I was refering to the Air bag Light. Does anyone know the code it is sending as refered above?


----------



## garfix (Apr 2, 2007)

*Reset Air Bag*



msubullyfan said:


> http://www.nissanforums.com/966228-post7.html
> 
> I've used it 3 times and it worked every time. It works for 1st gen Fronties, too.




Used this on my first gen Frontie extended cab and worked perfectly on the first shot! THANKS!!!


----------



## ilovemy04frontie (Apr 15, 2007)

Worked on my '04. Thanks!!!!!!!!!!!


----------



## shinysr20 (Jul 14, 2007)

*IT WORKS*

I USED THIS ON MY P11 144 SR20 UK CAR AND IT DOES WORK - SPOT ON , SAVED ME A FEW QUID .


----------



## PCA_Patrol (Oct 5, 2007)

You can add the 2007 Frontier to the list: 
Same issue,
Same fix
First time, no worries! 
As new to this forum: already worth its weight, saved a trip to dealer and not doubt $$$!


----------



## jacked69 (Dec 19, 2007)

*Nissan Frontier 2004, King cab airbag light*

Solution of turning off and on 3x times works up above. 

I was installing my Sony CD/Radio/mp3 player and somehow it must have tripped the airbag. I followed the instructions and it worked. 

Nissan 2004 Frontier, King cab. 38K mileage.


----------



## sbigshot (Dec 16, 2005)

^^ yeah, it has worked great for me in the past!! :jump:


----------



## SpaceWalker (May 23, 2008)

This thread sounds very useful to me .. I just bought a car (2004 Almera) from a small garage, but my car's airbag light never blinks. The story was, I saw the light was constantly on during the test drive and I was told it only needs a "reset". Then when I got back about 1 hour later to pick up the car, the light wasn't blinking so I thought it was fine. Only after I got home and read the manual, I realized that the light should blink for around 7 seconds when the engine starts. It looks like the garage had done some tricks to turn the light off. 

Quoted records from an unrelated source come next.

section \<open>The risks of the regularized estimator\<close>

lemma gram_shift_inverse:
  fixes X :: "real^'d^'n"
  assumes "c > 0"
  defines "G \<equiv> transpose X ** X"
  defines "K \<equiv> matrix_inv (G + c *\<^sub>R mat 1)"
  shows "K ** (G + c *\<^sub>R mat 1) = mat 1" "(G + c *\<^sub>R mat 1) ** K = mat 1"
    and "transpose K = K" "K ** G = G ** K"
proof -
  have inv: "invertible (G + c *\<^sub>R mat 1)"
    unfolding G_def using pos_def_gram_shift[OF assms(1)] by (rule pos_def_invertible)
  show "K ** (G + c *\<^sub>R mat 1) = mat 1" "(G + c *\<^sub>R mat 1) ** K = mat 1"
    unfolding K_def using matrix_inv_left[OF inv] matrix_inv_right[OF inv] by auto
  show "transpose K = K"
    unfolding K_def using inv
    by (rule transpose_matrix_inv_sym) (simp add: G_def transpose_add transpose_scalar matrix_transpose_mul)
  show "K ** G = G ** K"
    unfolding K_def using inv by (rule matrix_inv_shift_commute)
qed

lemma trace_quadratic_shift:
  fixes S N F :: "real^'n^'n"
  assumes S: "transpose S = S" and N: "transpose N = N" and F: "transpose F = F"
  shows "trace (transpose (mat 1 - t *\<^sub>R N) ** S ** (mat 1 - t *\<^sub>R N) ** F)
           - 2 * trace (S ** (mat 1 - t *\<^sub>R N) ** F)
         = t\<^sup>2 * trace (N ** S ** N ** F) - trace (S ** F)"
proof -
  have "transpose (S ** N ** F) = F ** N ** S"
    by (simp add: matrix_transpose_mul S N F matrix_mul_assoc)
  hence "trace (S ** N ** F) = trace (F ** N ** S)"
    by (metis trace_transpose)
  also have "\<dots> = trace (N ** S ** F)"
    using trace_mul_sym[of F "N ** S"] by (simp add: matrix_mul_assoc)
  finally have swap: "trace (S ** N ** F) = trace (N ** S ** F)" .
  have quadratic: "transpose (mat 1 - t *\<^sub>R N) ** S ** (mat 1 - t *\<^sub>R N) ** F
      = S ** F - t *\<^sub>R (S ** N ** F) - t *\<^sub>R (N ** S ** F) + (t * t) *\<^sub>R (N ** S ** N ** F)"
    by (simp add: transpose_diff transpose_scalar N matrix_diff_ldistrib matrix_diff_rdistrib
        matrix_add_ldistrib matrix_add_rdistrib matrix_scaleR_left matrix_scaleR_right matrix_mul_assoc
        algebra_simps)
  have linear: "S ** (mat 1 - t *\<^sub>R N) ** F = S ** F - t *\<^sub>R (S ** N ** F)"
    by (simp add: matrix_diff_ldistrib matrix_diff_rdistrib matrix_scaleR_left matrix_scaleR_right
        matrix_mul_assoc)
  show ?thesis
    unfolding quadratic linear
    by (simp add: trace_add trace_sub trace_scaleR swap power2_eq_square algebra_simps)
qed

lemma riskP_eq_trace:
  fixes X :: "real^'d^'n" and S E :: "real^'d^'d" and \<sigma> :: real
  defines "G \<equiv> transpose X ** X" and "c \<equiv> real CARD('d) * \<sigma>\<^sup>2"
  defines "K \<equiv> matrix_inv (G + c *\<^sub>R mat 1)"
  assumes S: "pos_semidef S" and "\<sigma> \<noteq> 0"
  shows "real CARD('d) * riskP \<sigma> X (E ** K ** transpose X) S
       = trace (transpose E ** S ** E ** (G ** K)) - 2 * trace (S ** E ** (G ** K)) + trace S"
proof -
  have "c > 0" unfolding c_def using \<open>\<sigma> \<noteq> 0\<close> by simp
  note K = gram_shift_inverse[OF this, of X, folded G_def, folded K_def]
  define F where "F = G ** K"
  have S_sym: "transpose S = S" using S unfolding pos_semidef_def sym_mat_def by blast
  have F_sym: "transpose F = F"
    unfolding F_def using K(3,4) by (simp add: matrix_transpose_mul G_def)
  have "E ** K ** transpose X ** X = E ** (K ** G)" by (simp add: G_def matrix_mul_assoc)
  hence AX: "E ** K ** transpose X ** X = E ** F" unfolding F_def K(4) .
  have fit: "(frob_norm (mat_sqrt S ** (E ** K ** transpose X ** X - mat 1)))\<^sup>2
      = trace (transpose E ** S ** E ** (F ** F)) - 2 * trace (S ** E ** F) + trace S"
  proof -
    have "transpose (E ** F - mat 1) ** S ** (E ** F - mat 1)
        = F ** (transpose E ** S ** E ** F) - transpose (S ** E ** F) - S ** E ** F + S"
      by (simp add: transpose_diff matrix_transpose_mul matrix_diff_ldistrib matrix_diff_rdistrib
          matrix_mul_assoc S_sym F_sym)
    thus ?thesis
      using trace_mul_sym[of F "transpose E ** S ** E ** F"]
      by (simp add: frob_norm_mat_sqrt_mult[OF S] AX trace_add trace_sub trace_transpose matrix_mul_assoc)
  qed
  have penalty: "(frob_norm (mat_sqrt S ** (E ** K ** transpose X)))\<^sup>2
      = trace (transpose E ** S ** E ** (K ** G ** K))"
  proof -
    have "(frob_norm (mat_sqrt S ** (E ** K ** transpose X)))\<^sup>2
        = trace (X ** (K ** transpose E ** S ** E ** K ** transpose X))"
      by (subst frob_norm_mat_sqrt_mult[OF S]) (simp add: matrix_transpose_mul K(3) matrix_mul_assoc)
    also have "\<dots> = trace (K ** (transpose E ** S ** E ** (K ** G)))"
      using trace_mul_sym[of X "K ** transpose E ** S ** E ** K ** transpose X"]
      by (simp add: G_def matrix_mul_assoc)
    also have "\<dots> = trace (transpose E ** S ** E ** (K ** G ** K))"
      using trace_mul_sym[of K "transpose E ** S ** E ** (K ** G)"] by (simp add: matrix_mul_assoc)
    finally show ?thesis .
  qed
  have "F ** F + c *\<^sub>R (K ** G ** K) = (G + c *\<^sub>R mat 1) ** K ** (G ** K)"
    unfolding F_def by (simp add: matrix_add_rdistrib matrix_scaleR_left K(4) matrix_mul_assoc)
  hence FF: "F ** F + c *\<^sub>R (K ** G ** K) = F" by (simp add: K(2) F_def)
  have "real CARD('d) * riskP \<sigma> X (E ** K ** transpose X) S
      = trace (transpose E ** S ** E ** (F ** F)) - 2 * trace (S ** E ** F) + trace S
        + c * trace (transpose E ** S ** E ** (K ** G ** K))"
    unfolding riskP_def fit penalty c_def by (simp add: algebra_simps)
  also have "\<dots> = trace (transpose E ** S ** E ** (F ** F + c *\<^sub>R (K ** G ** K)))
      - 2 * trace (S ** E ** F) + trace S"
    by (simp add: matrix_add_ldistrib trace_add matrix_scaleR_right trace_scaleR)
  also have "\<dots> = trace (transpose E ** S ** E ** F) - 2 * trace (S ** E ** F) + trace S"
    unfolding FF ..
  finally show ?thesis by (simp only: F_def)
qed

Since the garage is a bit too far from me and I am trying to see if I can get it fixed in my local Nissan dealer. The engineer of my local Nissan dealer spent about an hour, e.g., removed the dash board (since he suspected the bulb was removed.) But it turned out the dash board was fine. 

Does anyone here have any ideas on what might have been done and which places I should check?

Did they rewire the airbag system? I have read some posts about rewiring, but am I right, even if they rewired the system to "fool" the car's computer, the airbag light should still blinks when the engine starts?

Since I only left the car for about 45 minutes to an hour, I don't think they have done some major works. 

Please does anyone have any ideas? Thank you very much.


----------



## youtube/badboynineo (Jul 30, 2008)

*GRATEFUL FOR SITES LIKE THIS ONE*

:newbie:thanks for all the 411 i get from here i have saved my self some money and learned some new things, my air bag light was flashing too and i followed the steps and viola :fluffy:it went away after like 6 months , then i also did the MAF relearn because i had the check engine light on after installing a cold air intake and cleaning the throttle body (intake spray) , my idle was buggin out on like 1500rmp , that took me like 2-3 days to learn to do but the idle came back down and the service eng light is off.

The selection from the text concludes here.